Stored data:
★ ★ ★ ★ ★

(* Let $n\ge 2$ and let $F_{2n}$ be the cubic multigraph obtained from the cycle $C_{2n}$ by adding a parallel edge to every second edge of the cycle. Then the eigenvalues of $F_{2n}$ are $\pm\sqrt{4\cos(2\pi j/n)+5}$ for $j=0,1,\dots,n-1$. Consequently, $1$ is an eigenvalue of $F_{2n}$ if and only if $n$ is even, in which case it is a simple eigenvalue.
   Context: The adjacency matrix of a multigraph has $(x,y)$-entry equal to the number of edges joining $x$ and $y$; eigenvalues are those of this matrix. An eigenvalue is simple if its eigenspace is $1$-dimensional. *)

theory Defs
  imports Complex_Main "Jordan_Normal_Form.Jordan_Normal_Form_Uniqueness"
begin

text \<open>The (x,y)-entry is the number of edges joining x and y.\<close>
definition F_adj :: "nat \<Rightarrow> real mat" where
  "F_adj n = mat (2*n) (2*n) (\<lambda>(i,j).
     if j = (i + 1) mod (2*n) then (if even i then 2 else 1)
     else if i = (j + 1) mod (2*n) then (if even j then 2 else 1)
     else 0)"

end

theory Submission
  imports Defs "Jordan_Normal_Form.Jordan_Normal_Form_Existence"
begin

text \<open>
  Let w = exp(2 pi i j / n) and let v be the vector with v(2k) = w^k and v(2k+1) = c w^k.
  The rows of the adjacency matrix give
  (A v)(2k) = (2 c + c conj(w)) w^k and (A v)(2k+1) = (2 + w) w^k,
  so v is an eigenvector for lambda as soon as c (2 + conj w) = lambda and 2 + w = lambda c.
  Both hold for lambda = +-|2 + w| and c = +-sgn(2 + w), and |2 + w|^2 = 4 cos(2 pi j / n) + 5.
  The resulting 2n vectors are pairwise orthogonal (geometric sums of roots of unity), so the
  adjacency matrix is similar over the complex numbers to the diagonal matrix of these
  eigenvalues, which gives the characteristic polynomial.  The value 1 = |2 + w| occurs only
  for w = -1, i.e. for 2j = n, and then as a simple root; as the characteristic polynomial
  splits over the reals, the Jordan normal form shows that its eigenspace is one-dimensional.
\<close>

lemma power_mod_eq_if_power_eq_1:
  fixes w :: "'a :: monoid_mult"
  assumes "w ^ n = 1"
  shows "w ^ (m mod n) = w ^ m"
proof -
  have "w ^ m = (w ^ n) ^ (m div n) * w ^ (m mod n)"
    by (subst mult_div_mod_eq[of n m, symmetric]) (simp only: power_add power_mult)
  with assms show ?thesis
    by simp
qed

lemma sum_lessThan_double: "(\<Sum>r<2 * (n::nat). g r) = (\<Sum>k<n. g (2 * k) + g (2 * k + 1))"
  by (induction n) (simp_all add: ac_simps)

lemma prod_lessThan_double: "(\<Prod>r<2 * (n::nat). g r) = (\<Prod>k<n. g (2 * k) * g (2 * k + 1))"
  by (induction n) (simp_all add: ac_simps)
lemma x_eq_xr: "k \<in> Z \<Longrightarrow> x k = ereal (xr k)"
  using x_finite[of k] unfolding xr_def by (cases "x k") auto

lemma xr_pos: "k \<in> Z \<Longrightarrow> 0 < xr k"
  using x_finite[of k] x_eq_xr[of k] by simp

lemma block_index_ge: assumes "k \<in> Z" "j \<in> Z" "y \<in> block x j" "xr k < y" shows "k \<le> j"
proof (rule ccontr)
  assume "\<not> k \<le> j"
  then have "ereal y < x k"
    using x_succ_le[OF assms(2,1)] assms(3) unfolding block_def by (auto intro: less_le_trans)
  then show False using assms(1,4) x_eq_xr by auto
qed

lemma two_powi_mult_eq_prev_block: assumes "k \<in> Z"
  shows "ennreal (2 powi k) * c = 2 * (\<integral>\<^sup>+ y\<in>block x (k - 1). c * ennreal (u y) \<partial>lborel)"
proof -
  have "(\<integral>\<^sup>+ y\<in>block x (k - 1). c * ennreal (u y) \<partial>lborel)
      = c * (\<integral>\<^sup>+ y\<in>block x (k - 1). ennreal (u y) \<partial>lborel)"
    by (subst nn_integral_cmult[symmetric]) (auto simp: mult.assoc)
  then show ?thesis using block_mass_prev[OF assms] two_powi_eq_double[of k] by (simp add: mult_ac)
qed

lemma nn_integral_le_sum_blocks:
  assumes [measurable]: "f \<in> borel_measurable borel"
  shows "(\<integral>\<^sup>+ y\<in>{0<..}. f y \<partial>lborel) \<le> (\<integral>\<^sup>+ k. (\<integral>\<^sup>+ y\<in>block x k. f y \<partial>lborel) \<partial>count_space Z)"
proof (rule nn_integral_le_count_space_sum)
  fix y
  show "f y * indicator {0<..} y \<le> (\<integral>\<^sup>+ k. f y * indicator (block x k) y \<partial>count_space Z)"
  proof (cases "0 < y")
    case True
    then obtain k where k: "k \<in> Z" "y \<in> block x k" using blocks_cover by blast
    then have "f y * indicator {0<..} y = f y * indicator (block x k) y" using True by simp
    also have "\<dots> \<le> (\<integral>\<^sup>+ k. f y * indicator (block x k) y \<partial>count_space Z)"
      by (rule nn_integral_ge_point[OF k(1)])
    finally show ?thesis .
  qed simp
qed auto

lemma nn_integral_tail_le_sum_blocks:
  assumes [measurable]: "f \<in> borel_measurable borel" and k: "k \<in> Z"
  shows "(\<integral>\<^sup>+ y\<in>{xr k<..}. f y \<partial>lborel)
    \<le> (\<integral>\<^sup>+ j. (\<integral>\<^sup>+ y\<in>block x j. f y \<partial>lborel) \<partial>count_space {j\<in>Z. k \<le> j})"
proof (rule nn_integral_le_count_space_sum)
  fix y
  show "f y * indicator {xr k<..} y \<le> (\<integral>\<^sup>+ j. f y * indicator (block x j) y \<partial>count_space {j\<in>Z. k \<le> j})"
  proof (cases "xr k < y")
    case True
    then obtain j where j: "j \<in> Z" "y \<in> block x j" using blocks_cover[of y] xr_pos[OF k] by auto
    then have j_in: "j \<in> {j\<in>Z. k \<le> j}" using block_index_ge[OF k j True] by simp
    have "f y * indicator {xr k<..} y = f y * indicator (block x j) y" using True j by simp
    also have "\<dots> \<le> (\<integral>\<^sup>+ j. f y * indicator (block x j) y \<partial>count_space {j\<in>Z. k \<le> j})"
      by (rule nn_integral_ge_point[OF j_in])
    finally show ?thesis .
  qed simp
qed auto

lemma nn_integral_sum_prev_blocks_le:
  fixes g :: "int \<Rightarrow> real \<Rightarrow> ennreal"
  assumes [measurable]: "\<And>k. g k \<in> borel_measurable borel"
    and le: "\<And>k y. k \<in> Z \<Longrightarrow> y \<in> block x (k - 1) \<Longrightarrow> g k y \<le> f y"
  shows "(\<integral>\<^sup>+ k. (\<integral>\<^sup>+ y\<in>block x (k - 1). g k y \<partial>lborel) \<partial>count_space Z) \<le> (\<integral>\<^sup>+ y\<in>{0<..}. f y \<partial>lborel)"
proof (rule nn_integral_count_space_disjoint_le)
  fix y i j assume "i \<in> Z" "j \<in> Z" "i \<noteq> j"
  then have "i - 1 \<in> Z" "j - 1 \<in> Z" "i - 1 \<noteq> j - 1" using Z_down_closed by auto
  then show "g i y * indicator (block x (i - 1)) y = 0 \<or> g j y * indicator (block x (j - 1)) y = 0"
    using block_disjoint by (auto split: split_indicator)
next
  fix y i assume "i \<in> Z"
  then have "i - 1 \<in> Z" using Z_down_closed by auto
  then show "g i y * indicator (block x (i - 1)) y \<le> f y * indicator {0<..} y"
    using le[OF \<open>i \<in> Z\<close>] block_pos by (auto split: split_indicator)
qed auto

end

locale iterated_hardy = covering +
  fixes w h :: "real \<Rightarrow> real" and q r :: real
  assumes weight_w: "is_weight w" and nonneg_h: "nonneg_meas h" and q: "0 < q" and r: "0 < r"
begin

lemma w_measurable [measurable]: "w \<in> borel_measurable borel"
  using weight_w by (simp add: is_weight_def)

lemma h_measurable [measurable]: "h \<in> borel_measurable borel"
  using nonneg_h by (simp add: nonneg_meas_def)

text \<open>\<open>L\<close>, \<open>B\<close> and \<open>S\<close> below are the \<open>r\<close>-th powers of the three quantities of the theorem,
  and \<open>b k\<close> is the \<open>q\<close>-th power of the inner norm in the \<open>k\<close>-th term of the sequence norm.\<close>

definition p :: real where "p = r / q"

lemma p: "0 < p" using q r by (simp add: p_def)

lemma q_mult_p: "q * p = r" using q by (simp add: p_def)

definition H :: "real \<Rightarrow> ennreal" where
  "H s = (\<integral>\<^sup>+ \<tau>\<in>{s<..}. ennreal (h \<tau>) \<partial>lborel)"

definition F :: "real \<Rightarrow> ennreal" where
  "F y = (\<integral>\<^sup>+ t\<in>{y<..}. (H t powe q) * ennreal (w t) \<partial>lborel)"

definition W :: "real \<Rightarrow> real \<Rightarrow> ennreal" where
  "W t s = (\<integral>\<^sup>+ \<tau>\<in>{t<..<s}. ennreal (w \<tau>) \<partial>lborel)"

definition G :: "real \<Rightarrow> ennreal" where
  "G t = (SUP s\<in>{t<..}. (W t s powe p) * (H s powe r))"

definition H_loc :: "int \<Rightarrow> real \<Rightarrow> ennreal" where
  "H_loc k s = (\<integral>\<^sup>+ \<tau>\<in>{\<tau>. s < \<tau> \<and> ereal \<tau> < x (k + 1)}. ennreal (h \<tau>) \<partial>lborel)"

definition H_next :: "int \<Rightarrow> ennreal" where
  "H_next j = (\<integral>\<^sup>+ \<tau>\<in>{\<tau>. x (j + 1) < ereal \<tau>}. ennreal (h \<tau>) \<partial>lborel)"

definition w_block :: "int \<Rightarrow> ennreal" where
  "w_block j = (\<integral>\<^sup>+ t\<in>block x j. ennreal (w t) \<partial>lborel)"

definition a :: "int \<Rightarrow> ennreal" where
  "a j = (\<integral>\<^sup>+ t\<in>block x j. H t powe q * ennreal (w t) \<partial>lborel)"

definition b :: "int \<Rightarrow> ennreal" where
  "b k = (\<integral>\<^sup>+ s\<in>{s. x k < ereal s \<and> ereal s < x (k + 1)}. (H_loc k s powe q) * ennreal (w s) \<partial>lborel)"

definition L :: ennreal where
  "L = (\<integral>\<^sup>+ y\<in>{0<..}. (F y powe p) * ennreal (u y) \<partial>lborel)"

definition B :: ennreal where
  "B = (\<integral>\<^sup>+ k. (ennreal (2 powr (real_of_int k / r)) * (b k powe (1 / q))) powe r \<partial>count_space Z)"

definition S :: ennreal where
  "S = (\<integral>\<^sup>+ t\<in>{0<..}. ennreal (u t) * G t \<partial>lborel)"

lemma H_antimono: "s \<le> t \<Longrightarrow> H t \<le> H s"
  unfolding H_def by (rule nn_set_integral_set_mono) auto

lemma F_antimono: "s \<le> t \<Longrightarrow> F t \<le> F s"
  unfolding F_def by (rule nn_set_integral_set_mono) auto

lemma H_loc_antimono: "s \<le> t \<Longrightarrow> H_loc k t \<le> H_loc k s"
  unfolding H_loc_def by (rule nn_set_integral_set_mono) auto

lemma H_measurable [measurable]: "H \<in> borel_measurable borel"
  by (rule borel_measurable_antimono_ennreal) (rule H_antimono)

lemma F_measurable [measurable]: "F \<in> borel_measurable borel"
  by (rule borel_measurable_antimono_ennreal) (rule F_antimono)

lemma H_loc_measurable [measurable]: "H_loc k \<in> borel_measurable borel"
  by (rule borel_measurable_antimono_ennreal) (rule H_loc_antimono)

lemma G_le_F_powr: assumes "0 < t" shows "G t \<le> F t powe p"
  unfolding G_def
proof (rule SUP_least)
  fix s assume s: "s \<in> {t<..}"
  have "W t s * H s powe q = (\<integral>\<^sup>+ \<tau>\<in>{t<..<s}. ennreal (w \<tau>) * H s powe q \<partial>lborel)"
    unfolding W_def by (subst nn_integral_multc[symmetric]) (auto simp: mult_ac)
  also have "\<dots> \<le> (\<integral>\<^sup>+ \<tau>\<in>{t<..<s}. H \<tau> powe q * ennreal (w \<tau>) \<partial>lborel)"
    by (intro nn_integral_mono) (auto split: split_indicator simp: mult_ac intro!: mult_left_mono enn_powr_mono H_antimono q)
  also have "\<dots> \<le> F t" unfolding F_def by (rule nn_set_integral_set_mono) auto
  finally have "(W t s * H s powe q) powe p \<le> F t powe p" by (rule enn_powr_mono) (rule p)
  moreover have "(W t s * H s powe q) powe p = W t s powe p * H s powe r"
    using p q by (simp add: enn_powr_mult enn_powr_powr q_mult_p)
  ultimately show "W t s powe p * H s powe r \<le> F t powe p" by simp
qed

lemma S_le_L: "S \<le> L"
  unfolding S_def L_def
  by (intro nn_integral_mono) (auto split: split_indicator simp: mult_ac intro!: mult_left_mono G_le_F_powr)

lemma B_summand_eq: "(ennreal (2 powr (real_of_int k / r)) * (c powe (1 / q))) powe r = ennreal (2 powi k) * c powe p"
proof -
  have "(ennreal (2 powr (real_of_int k / r)) * (c powe (1 / q))) powe r
      = ennreal (2 powr (real_of_int k / r)) powe r * (c powe (1 / q)) powe r"
    using r by (simp add: enn_powr_mult)
  also have "ennreal (2 powr (real_of_int k / r)) powe r = ennreal (2 powi k)"
    using r by (simp add: enn_powr_ennreal powr_powr powr_real_of_int')
  also have "(c powe (1 / q)) powe r = c powe p"
    using r q by (simp add: enn_powr_powr p_def)
  finally show ?thesis .
qed

lemma B_eq: "B = (\<integral>\<^sup>+ k. ennreal (2 powi k) * b k powe p \<partial>count_space Z)"
  unfolding B_def B_summand_eq ..

lemma b_le_F: assumes "k \<in> Z" shows "b k \<le> F (xr k)"
proof -
  have "b k \<le> (\<integral>\<^sup>+ s\<in>{s. x k < ereal s \<and> ereal s < x (k + 1)}. (H s powe q) * ennreal (w s) \<partial>lborel)"
    unfolding b_def
    by (intro nn_integral_mono) (auto split: split_indicator intro!: mult_right_mono enn_powr_mono q
         simp: H_loc_def H_def intro: nn_set_integral_set_mono)
  also have "\<dots> \<le> F (xr k)" unfolding F_def using x_eq_xr[OF assms] by (intro nn_set_integral_set_mono) auto
  finally show ?thesis .
qed

lemma B_le_2L: "B \<le> 2 * L"
proof -
  have "B \<le> (\<integral>\<^sup>+ k. 2 * (\<integral>\<^sup>+ y\<in>block x (k - 1). F (xr k) powe p * ennreal (u y) \<partial>lborel) \<partial>count_space Z)"
    unfolding B_eq using b_le_F p
    by (intro nn_integral_mono) (auto simp flip: two_powi_mult_eq_prev_block intro!: mult_left_mono enn_powr_mono)
  also have "\<dots> = 2 * (\<integral>\<^sup>+ k. (\<integral>\<^sup>+ y\<in>block x (k - 1). F (xr k) powe p * ennreal (u y) \<partial>lborel) \<partial>count_space Z)"
    by (rule nn_integral_cmult) simp
  also have "\<dots> \<le> 2 * L"
    unfolding L_def
  proof (intro mult_left_mono nn_integral_sum_prev_blocks_le)
    fix k y assume "k \<in> Z" "y \<in> block x (k - 1)"
    then have "y \<le> xr k" using x_eq_xr[of k] unfolding block_def by auto
    then show "F (xr k) powe p * ennreal (u y) \<le> F y powe p * ennreal (u y)"
      by (auto intro!: mult_right_mono enn_powr_mono p F_antimono)
  qed auto
  finally show ?thesis .
qed

lemma block_integral_le: assumes "k \<in> Z"
  shows "(\<integral>\<^sup>+ y\<in>block x k. F y powe p * ennreal (u y) \<partial>lborel) \<le> ennreal (2 powi k) * F (xr k) powe p"
proof -
  have "(\<integral>\<^sup>+ y\<in>block x k. F y powe p * ennreal (u y) \<partial>lborel)
     \<le> (\<integral>\<^sup>+ y. F (xr k) powe p * (ennreal (u y) * indicator (block x k) y) \<partial>lborel)"
  proof (intro nn_integral_mono)
    fix y
    show "F y powe p * ennreal (u y) * indicator (block x k) y \<le> F (xr k) powe p * (ennreal (u y) * indicator (block x k) y)"
    proof (cases "y \<in> block x k")
      case True
      then have "xr k \<le> y" using x_eq_xr[OF assms] unfolding block_def by auto
      then show ?thesis using True by (auto intro!: mult_right_mono enn_powr_mono p F_antimono)
    qed simp
  qed
  also have "\<dots> = F (xr k) powe p * (\<integral>\<^sup>+ y\<in>block x k. ennreal (u y) \<partial>lborel)"
    by (subst nn_integral_cmult) auto
  also have "\<dots> \<le> F (xr k) powe p * ennreal (2 powi k)"
    by (intro mult_left_mono block_mass_le assms) auto
  finally show ?thesis by (simp add: mult_ac)
qed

★ ★ ★ ★ ★

**ACTIVITY**
Take exactly the lines from the one containing "t \<Longrightarrow> H_loc" through the one containing "fix s assume" in the data above, and output them with nothing added.

**YOUR SOLUTION**
lemma H_loc_antimono: "s \<le> t \<Longrightarrow> H_loc k t \<le> H_loc k s"
  unfolding H_loc_def by (rule nn_set_integral_set_mono) auto

lemma H_measurable [measurable]: "H \<in> borel_measurable borel"
  by (rule borel_measurable_antimono_ennreal) (rule H_antimono)

lemma F_measurable [measurable]: "F \<in> borel_measurable borel"
  by (rule borel_measurable_antimono_ennreal) (rule F_antimono)

lemma H_loc_measurable [measurable]: "H_loc k \<in> borel_measurable borel"
  by (rule borel_measurable_antimono_ennreal) (rule H_loc_antimono)

lemma G_le_F_powr: assumes "0 < t" shows "G t \<le> F t powe p"
  unfolding G_def
proof (rule SUP_least)
  fix s assume s: "s \<in> {t<..}"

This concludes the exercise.